Parental nudity, which has always been more widespread amongst

the better educated, is of much less significance, especially if the child’s friends are being reared in the same sort of way, though a few psychosexual experts think that it is best for a boy not to see his mother naked after the age of four or so and for a girl not to see her father naked from about a year. Children whose friends are used to seeing their parents naked will probably be unaffected but children can be very cruel, even this young, and will tease children who seem to be brought up in ways that are contrary to the way they know. As children discuss this sort of thing at school it is probably best not to subject your child to experiences at home that will make them feel odd among their friends. They may believe that they have odd parents if their friends say so and this could be harmful to them.

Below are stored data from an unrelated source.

lemma D_add [simp]:
  "smooth f \<Longrightarrow> smooth g \<Longrightarrow> Dx (\<lambda>p. f p + g p) = (\<lambda>p. Dx f p + Dx g p)"
  "smooth f \<Longrightarrow> smooth g \<Longrightarrow> Dt (\<lambda>p. f p + g p) = (\<lambda>p. Dt f p + Dt g p)"
  unfolding Dx_def Dt_def by (simp_all add: dderiv_add smooth_differentiable)

lemma D_mult [simp]:
  "smooth f \<Longrightarrow> smooth g \<Longrightarrow> Dx (\<lambda>p. f p * g p) = (\<lambda>p. f p * Dx g p + Dx f p * g p)"
  "smooth f \<Longrightarrow> smooth g \<Longrightarrow> Dt (\<lambda>p. f p * g p) = (\<lambda>p. f p * Dt g p + Dt f p * g p)"
  unfolding Dx_def Dt_def by (simp_all add: dderiv_mult smooth_differentiable)

lemma D_uminus [simp]:
  "smooth f \<Longrightarrow> Dx (\<lambda>p. - f p) = (\<lambda>p. - Dx f p)"
  "smooth f \<Longrightarrow> Dt (\<lambda>p. - f p) = (\<lambda>p. - Dt f p)"
  using D_mult[OF smooth_const[of "-1"], of f] by simp_all

lemma D_diff [simp]:
  "smooth f \<Longrightarrow> smooth g \<Longrightarrow> Dx (\<lambda>p. f p - g p) = (\<lambda>p. Dx f p - Dx g p)"
  "smooth f \<Longrightarrow> smooth g \<Longrightarrow> Dt (\<lambda>p. f p - g p) = (\<lambda>p. Dt f p - Dt g p)"
  using D_add[OF _ smooth_uminus, of f g] D_uminus[of g] by simp_all

lemma D_divide_const [simp]:
  "smooth f \<Longrightarrow> Dx (\<lambda>p. f p / c) = (\<lambda>p. Dx f p / c)"
  "smooth f \<Longrightarrow> Dt (\<lambda>p. f p / c) = (\<lambda>p. Dt f p / c)"
  using D_mult[OF _ smooth_const[of "1/c"], of f] by simp_all

text \<open>A named composition: \<open>\<lambda>p. F (h1 p, h2 p, h3 p)\<close> is not a higher-order pattern, so
  the chain rule below could not be used as a rewrite rule on it.\<close>

definition compose3 :: "(real \<times> real \<times> real \<Rightarrow> real) \<Rightarrow> ('a::euclidean_space \<Rightarrow> real)
    \<Rightarrow> ('a \<Rightarrow> real) \<Rightarrow> ('a \<Rightarrow> real) \<Rightarrow> 'a \<Rightarrow> real" where
  "compose3 F h1 h2 h3 = (\<lambda>p. F (h1 p, h2 p, h3 p))"

lemma smooth_compose3 [simp]:
  "smooth F \<Longrightarrow> smooth h1 \<Longrightarrow> smooth h2 \<Longrightarrow> smooth h3 \<Longrightarrow> smooth (compose3 F h1 h2 h3)"
  unfolding compose3_def
  by (rule smooth_closure_smooth) (intro smooth_closure.compose3 smooth_closure.from_smooth)

lemma D_compose3 [simp]:
  "smooth F \<Longrightarrow> smooth h1 \<Longrightarrow> smooth h2 \<Longrightarrow> smooth h3 \<Longrightarrow>
    Dx (compose3 F h1 h2 h3) = (\<lambda>p. Dx h1 p * compose3 (Px F) h1 h2 h3 p
      + Dx h2 p * compose3 (Pt F) h1 h2 h3 p + Dx h3 p * compose3 (Pu F) h1 h2 h3 p)"
  "smooth F \<Longrightarrow> smooth h1 \<Longrightarrow> smooth h2 \<Longrightarrow> smooth h3 \<Longrightarrow>
    Dt (compose3 F h1 h2 h3) = (\<lambda>p. Dt h1 p * compose3 (Px F) h1 h2 h3 p
      + Dt h2 p * compose3 (Pt F) h1 h2 h3 p + Dt h3 p * compose3 (Pu F) h1 h2 h3 p)"
  unfolding compose3_def Dx_def Dt_def Px_def Pt_def Pu_def
  by (simp_all add: dderiv_compose3 smooth_differentiable)

lemma affine_if_partials_const:
  fixes F :: "real \<times> real \<times> real \<Rightarrow> real"
  assumes "smooth F" and "\<And>q. Px F q = \<alpha>" and "\<And>q. Pt F q = \<beta>" and "\<And>q. Pu F q = \<gamma>"
  shows "F (x, t, u) = F (0, 0, 0) + \<alpha> * x + \<beta> * t + \<gamma> * u"
proof -
  define H where "H q = F q - (\<alpha> * fst q + \<beta> * fst (snd q) + \<gamma> * snd (snd q))"
    for q :: "real \<times> real \<times> real"
  have "(H has_derivative (\<lambda>h. 0)) (at q within UNIV)" for q
  proof -
    have d: "F differentiable (at q)" using assms(1) by (rule smooth_differentiable)
    have "dderiv F q h = \<alpha> * fst h + \<beta> * fst (snd h) + \<gamma> * snd (snd h)" for h
      using linear_real3_eq[OF linear_frechet_derivative[OF d], of "fst h" "fst (snd h)" "snd (snd h)"]
        assms(2-4)
      unfolding Px_def Pt_def Pu_def by (simp add: mult.commute)
    moreover have "(H has_derivative
        (\<lambda>h. dderiv F q h - (\<alpha> * fst h + \<beta> * fst (snd h) + \<gamma> * snd (snd h)))) (at q)"
      unfolding H_def
      by (intro has_derivative_diff has_derivative_dderiv[OF d]) (auto intro!: derivative_eq_intros)
    ultimately show ?thesis by simp
  qed
  then obtain c where "\<And>q. H q = c" using has_derivative_zero_constant[of UNIV H] by auto
  from this[of "(x, t, u)"] this[of "(0, 0, 0)"] show ?thesis unfolding H_def by simp
qed

section \<open>Sufficiency\<close>

lemma charQ_eq:
  "charQ \<xi> \<eta> \<phi> u = (\<lambda>p. compose3 \<phi> fst snd u p - compose3 \<xi> fst snd u p * Dx u p
     - compose3 \<eta> fst snd u p * Dt u p)"
  unfolding charQ_def compose3_def by (simp add: case_prod_unfold)

lemma HR_symmetry_if_affine:
  assumes "a \<noteq> 0"
    and "\<forall>x t u. \<xi> (x, t, u) = - (x / 3) * c1 + c3 \<and> \<eta> (x, t, u) = c1 * t + c2 \<and>
        \<phi> (x, t, u) = (2 * t / 3 + u / 3 - 2 * x / (3 * a)) * c1 + c4"
  shows "HR_symmetry a \<xi> \<eta> \<phi>"
  unfolding HR_symmetry_def
proof (intro allI impI)
  fix u :: "real \<times> real \<Rightarrow> real" and p :: "real \<times> real"
  assume "smooth u"
  obtain x t where p: "p = (x, t)" by fastforce
  have \<xi>: "\<And>x t u. \<xi> (x, t, u) = - (x / 3) * c1 + c3"
    and \<eta>: "\<And>x t u. \<eta> (x, t, u) = c1 * t + c2"
    and \<phi>: "\<And>x t u. \<phi> (x, t, u) = (2 * t / 3 + u / 3 - 2 * x / (3 * a)) * c1 + c4"
    using assms(2) by auto
  have Q: "charQ \<xi> \<eta> \<phi> u = (\<lambda>p. (2 * snd p / 3 + u p / 3 - 2 * fst p / (3 * a)) * c1 + c4
     - (- (fst p / 3) * c1 + c3) * Dx u p - (c1 * snd p + c2) * Dt u p)"
    unfolding charQ_def by (auto simp: case_prod_unfold \<xi> \<eta> \<phi>)
  show "prDelta a \<xi> \<eta> \<phi> u p = 0"
    unfolding prDelta_def phiX_def phiT_def phiXXT_def Q p using \<open>smooth u\<close> assms(1)
    by (simp add: Dt_Dx \<xi> \<eta> \<phi> field_simps)
qed

section \<open>Necessity\<close>

definition jet_poly :: "real \<Rightarrow> real \<Rightarrow> real \<Rightarrow> real \<Rightarrow> real \<Rightarrow> real \<Rightarrow> real \<Rightarrow> real \<Rightarrow> real
    \<Rightarrow> real \<Rightarrow> real \<times> real \<Rightarrow> real" where
  "jet_poly x0 t0 u0 ux ut uxx uxt uxxx uxxt uxtt = (\<lambda>(x, t).
     u0 + ux * (x - x0) + ut * (t - t0) + uxx * (x - x0)^2 / 2 + uxt * (x - x0) * (t - t0)
     + uxxx * (x - x0)^3 / 6 + uxxt * (x - x0)^2 * (t - t0) / 2 + uxtt * (x - x0) * (t - t0)^2 / 2)"

lemma smooth_jet_poly: "smooth (jet_poly x0 t0 u0 ux ut uxx uxt uxxx uxxt uxtt)"
  unfolding jet_poly_def case_prod_unfold power2_eq_square power3_eq_cube by simp

lemma HR_jet_poly:
  "HR a (jet_poly x0 t0 u0 ux ut uxx uxt uxxx (ut + a * ux * (1 - ut)) uxtt) (x0, t0) = 0"
  unfolding HR_def jet_poly_def case_prod_unfold power2_eq_square power3_eq_cube
  by (simp add: field_simps)

lemmas prDelta_expand =
  prDelta_def phiX_def phiT_def phiXXT_def charQ_eq jet_poly_def case_prod_unfold
  power2_eq_square power3_eq_cube

context
  fixes a :: real and \<xi> \<eta> \<phi> :: "real \<times> real \<times> real \<Rightarrow> real"
  assumes a_nonzero: "a \<noteq> 0"
    and smooth_coefficients [simp]: "smooth \<xi>" "smooth \<eta>" "smooth \<phi>"
    and symmetry: "HR_symmetry a \<xi> \<eta> \<phi>"
begin

lemma prDelta_jet_poly:
  "prDelta a \<xi> \<eta> \<phi> (jet_poly x0 t0 u0 ux ut uxx uxt uxxx (ut + a * ux * (1 - ut)) uxtt) (x0, t0) = 0"
  using symmetry unfolding HR_symmetry_def by (simp add: smooth_jet_poly HR_jet_poly)

text \<open>The jet arguments of \<open>prDelta_jet_poly\<close> are, in order,
  \<open>x0 t0 u0 ux ut uxx uxt uxxx uxtt\<close>.\<close>

lemma Pt_xi [simp]: "Pt \<xi> = (\<lambda>_. 0)"
proof (rule ext, clarify)
  fix x t u
  show "Pt \<xi> (x, t, u) = 0"
    using prDelta_jet_poly[of x t u 0 0 0 0 1 0] prDelta_jet_poly[of x t u 0 0 0 0 0 0]
    unfolding prDelta_expand by (simp add: Pt_Px Pu_Px Pu_Pt) (simp add: compose3_def)
qed

lemma Pu_xi [simp]: "Pu \<xi> = (\<lambda>_. 0)"
proof (rule ext, clarify)
  fix x t u
  show "Pu \<xi> (x, t, u) = 0"
    using prDelta_jet_poly[of x t u 0 1 0 0 1 0] prDelta_jet_poly[of x t u 0 1 0 0 0 0]
    unfolding prDelta_expand by (simp add: Pt_Px Pu_Px Pu_Pt) (simp add: compose3_def)
qed

lemma Px_eta [simp]: "Px \<eta> = (\<lambda>_. 0)"
proof (rule ext, clarify)
  fix x t u
  show "Px \<eta> (x, t, u) = 0"
    using prDelta_jet_poly[of x t u 0 0 0 0 0 1] prDelta_jet_poly[of x t u 0 0 0 0 0 0]
    unfolding prDelta_expand by (simp add: Pt_Px Pu_Px Pu_Pt) (simp add: compose3_def)
qed

lemma Pu_eta [simp]: "Pu \<eta> = (\<lambda>_. 0)"
proof (rule ext, clarify)
  fix x t u
  show "Pu \<eta> (x, t, u) = 0"
    using prDelta_jet_poly[of x t u 1 0 0 0 0 1] prDelta_jet_poly[of x t u 1 0 0 0 0 0]
    unfolding prDelta_expand by (simp add: Pt_Px Pu_Px Pu_Pt) (simp add: compose3_def)
qed

lemma Px_Pt_eta [simp]: "Px (Pt \<eta>) = (\<lambda>_. 0)"
  using Pt_Px[of \<eta>] by simp

lemma Pt_Pu_phi [simp]: "Pt (Pu \<phi>) = (\<lambda>_. 0)"
proof (rule ext, clarify)
  fix x t u
  show "Pt (Pu \<phi>) (x, t, u) = 0"
    using prDelta_jet_poly[of x t u 0 0 1 0 0 0] prDelta_jet_poly[of x t u 0 0 0 0 0 0]
    unfolding prDelta_expand by (simp add: Pt_Px Pu_Px Pu_Pt) (simp add: compose3_def)
qed

lemma Pu_Pu_phi [simp]: "Pu (Pu \<phi>) = (\<lambda>_. 0)"
proof (rule ext, clarify)
  fix x t u
  show "Pu (Pu \<phi>) (x, t, u) = 0"
    using prDelta_jet_poly[of x t u 0 1 1 0 0 0] prDelta_jet_poly[of x t u 0 1 0 0 0 0]
    unfolding prDelta_expand by (simp add: Pt_Px Pu_Px Pu_Pt) (simp add: compose3_def)
qed

lemma Px_Px_xi_eq: "Px (Px \<xi>) (x, t, u) = 2 * Px (Pu \<phi>) (x, t, u)"
  using prDelta_jet_poly[of x t u 0 0 0 1 0 0] prDelta_jet_poly[of x t u 0 0 0 0 0 0]
  unfolding prDelta_expand by (simp add: Pt_Px Pu_Px Pu_Pt) (simp add: compose3_def)
(* Let $\rho\in(0,1)$, $\xi\in\mathbb{R}$, and $H=\frac{1}{2(1-\rho\cos x)}\big(\sin^2x\,(P_x^2+P_y^2)+\xi\big)$ on $(x,y)\in(0,\pi)\times\mathbb{R}$. On a level set $H=E\neq0$, $P_y=L>0$, set $\sigma=\frac1\rho\big(\frac{\xi}{2E}-1\big)$ and $\eta=\frac{\rho E}{L^2}$. If $\eta>0$ and $-1<\sigma<1$, the projection to the $(x,y)$-plane of a trajectory of the Hamiltonian flow on this level set, normalized by a translation in $y$ so that $y=0$ at $x=x_*$, has equation $$\cosh y=\frac{\eta-\cos x}{\sqrt{\eta^2+2\sigma\eta+1}},\qquad x\in(x_*,\pi),$$ where $\cos x_*=\eta-\sqrt{\eta^2+2\sigma\eta+1}$. *)

theory Defs
  imports "HOL-Analysis.Analysis"
begin

definition Ham :: "real \<Rightarrow> real \<Rightarrow> real \<Rightarrow> real \<Rightarrow> real \<Rightarrow> real \<Rightarrow> real" where
  "Ham \<rho> \<xi> x y px py = (sin x ^ 2 * (px ^ 2 + py ^ 2) + \<xi>) / (2 * (1 - \<rho> * cos x))"

definition hamiltonian_trajectory ::
  "real \<Rightarrow> real \<Rightarrow> real set \<Rightarrow> (real \<Rightarrow> real) \<Rightarrow> (real \<Rightarrow> real) \<Rightarrow> (real \<Rightarrow> real) \<Rightarrow> (real \<Rightarrow> real) \<Rightarrow> bool"
  where
  "hamiltonian_trajectory \<rho> \<xi> I x y px py \<longleftrightarrow>
     (\<forall>t\<in>I.
        (x has_real_derivative deriv (\<lambda>q. Ham \<rho> \<xi> (x t) (y t) q (py t)) (px t)) (at t) \<and>
        (y has_real_derivative deriv (\<lambda>q. Ham \<rho> \<xi> (x t) (y t) (px t) q) (py t)) (at t) \<and>
        (px has_real_derivative - deriv (\<lambda>q. Ham \<rho> \<xi> q (y t) (px t) (py t)) (x t)) (at t) \<and>
        (py has_real_derivative - deriv (\<lambda>q. Ham \<rho> \<xi> (x t) q (px t) (py t)) (y t)) (at t))"

end

theory Submission
  imports Defs
begin

(* On the level set H = E, P_y = L put D = sqrt (\<eta>^2 + 2 \<sigma> \<eta> + 1), W = (\<eta> - cos x) / D and
   V = sin x * P_x / (D L). The energy relation says exactly W^2 - V^2 = 1, and Hamilton's equations
   give W' = V y' and V' = W y': along the trajectory, (W, V) moves on this hyperbola by the
   hyperbolic rotation of angle y. Hence (W + V) exp (- y) is constant, and since |\<eta> - 1| < D keeps
   W on the branch W \<ge> 1, W = cosh (y - c). The bound on x is W \<ge> 1, i.e. cos x \<le> \<eta> - D. *)

lemma one_minus_mult_cos_gt_0:
  fixes \<rho> x :: real
  assumes "\<bar>\<rho>\<bar> < 1"
  shows "0 < 1 - \<rho> * cos x"
proof -
  have "\<rho> * cos x \<le> \<bar>\<rho>\<bar> * \<bar>cos x\<bar>"
    by (metis abs_ge_self abs_mult)
  also have "\<dots> \<le> \<bar>\<rho>\<bar>"
    by (simp add: mult_left_le)
  finally show ?thesis
    using assms by linarith
qed

lemma abs_sub_one_less_sqrt:
  fixes \<eta> \<sigma> :: real
  assumes "0 < \<eta>" "-1 < \<sigma>"
  shows "\<bar>\<eta> - 1\<bar> < sqrt (\<eta> ^ 2 + 2 * \<sigma> * \<eta> + 1)"
proof -
  have "0 < \<eta> * (1 + \<sigma>)" using assms by simp
  then have "(\<eta> - 1) ^ 2 < \<eta> ^ 2 + 2 * \<sigma> * \<eta> + 1"
    by (simp add: power2_eq_square algebra_simps)
  then have "sqrt ((\<eta> - 1) ^ 2) < sqrt (\<eta> ^ 2 + 2 * \<sigma> * \<eta> + 1)"
    by (rule real_sqrt_less_mono)
  then show ?thesis by simp
qed

lemma arccos_le_of_cos_le:
  fixes x u :: real
  assumes "0 \<le> x" "x \<le> pi" "cos x \<le> u" "u \<le> 1"
  shows "arccos u \<le> x"
proof -
  have "arccos u \<le> arccos (cos x)"
    using assms(3,4) by (intro arccos_le_arccos) auto
  also have "arccos (cos x) = x"
    using assms(1,2) by (rule arccos_cos)
  finally show ?thesis .
qed

lemma cosh_eq_of_hyperbola:
  fixes w v u :: real
  assumes "w ^ 2 - v ^ 2 = 1" "w + v = exp u"
  shows "w = cosh u"
proof -
  have "(w + v) * (w - v) = 1"
    using assms(1) by (simp add: algebra_simps power2_eq_square)
  then have "w - v = exp (- u)"
    unfolding assms(2) by (simp add: exp_minus field_simps)
  with assms(2) show ?thesis
    by (simp add: cosh_def)
qed
(* Consider a single indivisible item offered by a seller (player $0$) to $n\ge 2$ bidders with independent private values $\theta_i\in[\underline v,\bar v]$, each drawn from a common distribution $F$ that is common knowledge, strictly increasing in the interior of $[\underline v,\bar v]$ and continuously differentiable. A bidder $i$ who wins at price $t_i$ gets utility $\theta_i-t_i$; a losing bidder gets $0$. Three auction formats are considered: (i) the first-price auction (FP): the highest bidder wins and pays her own bid; (ii) the credible second-price auction (CSP): the highest bidder wins and pays the second-highest bid; (iii) the non-credible second-price auction (NCSP): after observing all bids, the seller picks a winner $y$ and a price $t_y\in[0,b_y]$, with utility $t_y-c(t_y-b_{(2)})$, where $b_{(2)}$ is the second-highest bid and $c$ is a differentiable convex function, strictly increasing for $x\ge0$, strictly decreasing for $x<0$, with $c(0)=0$ and $c'(0)\le 1$; bidders observe only whether they win and their own payment. In the NCSP auction the seller selects the highest bidder and charges $\min\{b_{(1)},b_{(2)}+\gamma\}$, where $b_{(1)}$ is the highest bid and $\gamma>0$ satisfies $c'(\gamma)=1$. Let $\mathbf{b^{FP}}$, $\mathbf{b^{NCSP}}$, $\mathbf{b^{CSP}}$ denote symmetric and strictly increasing equilibrium bidding functions (symmetric Perfect Bayesian equilibrium in undominated strategies) in the FP, NCSP and CSP auctions respectively. Then for each bidder $i$ and each value $\theta_i\in[\underline v,\bar v]$, $$\mathbb{E}\Big[\max_{j\ne i}\theta_j \,\Big|\, \max_{j\ne i}\theta_j<\theta_i\Big]=\mathbf{b^{FP}}(\theta_i)\le \mathbf{b^{NCSP}}(\theta_i)<\mathbf{b^{CSP}}(\theta_i)=\theta_i.$$
   Context: The NCSP seller behaviour described (choose the highest bidder, charge $\min\{b_{(1)},b_{(2)}+\gamma\}$) is the seller's equilibrium strategy in the model; bidders take it into account when choosing bids. *)

theory Defs
  imports "HOL-Analysis.Analysis"
begin

text \<open>Values lie in [vl, vh]. The common CDF F is extended to the whole real line by
  clamping, and the distribution of a single value is the Lebesgue-Stieltjes measure of F.\<close>

definition clamp :: "real \<Rightarrow> real \<Rightarrow> real \<Rightarrow> real" where
  "clamp vl vh x = max vl (min vh x)"

definition value_dist :: "real \<Rightarrow> real \<Rightarrow> (real \<Rightarrow> real) \<Rightarrow> real measure" where
  "value_dist vl vh F = interval_measure (\<lambda>x. F (clamp vl vh x))"

text \<open>Joint distribution of the values of the k = n - 1 opponents of a fixed bidder i
  (independent, identically distributed), indexed by 0..<k.\<close>

definition others_dist :: "nat \<Rightarrow> real \<Rightarrow> real \<Rightarrow> (real \<Rightarrow> real) \<Rightarrow> (nat \<Rightarrow> real) measure" where
  "others_dist k vl vh F = PiM {..<k} (\<lambda>_. value_dist vl vh F)"

definition highest_other :: "nat \<Rightarrow> (nat \<Rightarrow> real) \<Rightarrow> real" where
  "highest_other k d = Max (d ` {..<k})"

definition win_prob :: "nat \<Rightarrow> real \<Rightarrow> (nat \<Rightarrow> real) \<Rightarrow> real" where
  "win_prob k b d =
     (if highest_other k d < b then 1
      else if b = highest_other k d then 1 / (1 + real (card {j\<in>{..<k}. d j = b}))
      else 0)"

text \<open>Utilities of bidder i with value th, own bid b, opponents' bids d.
  When i is a highest bidder, the highest opponent bid is the second-highest bid b_(2).\<close>

definition util_FP :: "nat \<Rightarrow> real \<Rightarrow> real \<Rightarrow> (nat \<Rightarrow> real) \<Rightarrow> real" where
  "util_FP k th b d = win_prob k b d * (th - b)"

definition util_CSP :: "nat \<Rightarrow> real \<Rightarrow> real \<Rightarrow> (nat \<Rightarrow> real) \<Rightarrow> real" where
  "util_CSP k th b d = win_prob k b d * (th - highest_other k d)"

text \<open>NCSP: the seller (in its equilibrium behaviour) picks the highest bidder and
  charges min (b_(1)) (b_(2) + gamma).\<close>

definition util_NCSP :: "real \<Rightarrow> nat \<Rightarrow> real \<Rightarrow> real \<Rightarrow> (nat \<Rightarrow> real) \<Rightarrow> real" where
  "util_NCSP \<gamma> k th b d = win_prob k b d * (th - min b (highest_other k d + \<gamma>))"

definition expected_util ::
  "(real \<Rightarrow> real \<Rightarrow> (nat \<Rightarrow> real) \<Rightarrow> real) \<Rightarrow> nat \<Rightarrow> real \<Rightarrow> real \<Rightarrow> (real \<Rightarrow> real)
   \<Rightarrow> (real \<Rightarrow> real) \<Rightarrow> real \<Rightarrow> real \<Rightarrow> real" where
  "expected_util u k vl vh F \<beta> th b =
     (\<integral>ths. u th b (\<lambda>j. \<beta> (clamp vl vh (ths j))) \<partial>others_dist k vl vh F)"

definition weakly_dominated ::
  "(real \<Rightarrow> real \<Rightarrow> (nat \<Rightarrow> real) \<Rightarrow> real) \<Rightarrow> nat \<Rightarrow> real \<Rightarrow> real \<Rightarrow> bool" where
  "weakly_dominated u k th b \<longleftrightarrow>
     (\<exists>b'\<ge>0. (\<forall>d. (\<forall>j<k. 0 \<le> d j) \<longrightarrow> u th b d \<le> u th b' d) \<and>
             (\<exists>d. (\<forall>j<k. 0 \<le> d j) \<and> u th b d < u th b' d))"

definition sym_equilibrium ::
  "(real \<Rightarrow> real \<Rightarrow> (nat \<Rightarrow> real) \<Rightarrow> real) \<Rightarrow> nat \<Rightarrow> real \<Rightarrow> real \<Rightarrow> (real \<Rightarrow> real)
   \<Rightarrow> (real \<Rightarrow> real) \<Rightarrow> bool" where
  "sym_equilibrium u k vl vh F \<beta> \<longleftrightarrow>
     strict_mono_on {vl..vh} \<beta> \<and>
     (\<forall>th\<in>{vl..vh}. 0 \<le> \<beta> th) \<and>
     (\<forall>th\<in>{vl..vh}. \<forall>b\<ge>0. expected_util u k vl vh F \<beta> th b \<le> expected_util u k vl vh F \<beta> th (\<beta> th)) \<and>
     (\<forall>th\<in>{vl..vh}. \<not> weakly_dominated u k th (\<beta> th))"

A practical aspect of this stage in relation to boys is that only about 4 per cent of boys have a fully retractable foreskin at birth and 50 per cent by one year. Forcible attempts at retraction by some mothers, to clean underneath, to see whether circumcision is necessary or just to stretch it, may account for some late adolescent boys and men with tight foreskins who react with great alarm at any attempt at retraction. Their reluctance leads them to masturbate with the foreskin in the forward position and its development does not keep pace with the increase in size of the penis at puberty.

Little boys’ penises need nothing done to them at all. If the foreskin will not pull back completely by the age of five, see your doctor for advice.

As children begin to look at the genitals of children (and adults) of the opposite sex, boys may come to see girls as being boys who have had their genitals removed, perhaps as a punishment for touching them. Some fear a similar punishment themselves. Girls sometimes conjure up the idea that they really have a secret penis or seem, perhaps, to blame their mothers because they have not got one. The difficulty in such speculation is that children rarely say how they feel and their reactions can only be guessed at from their behaviour.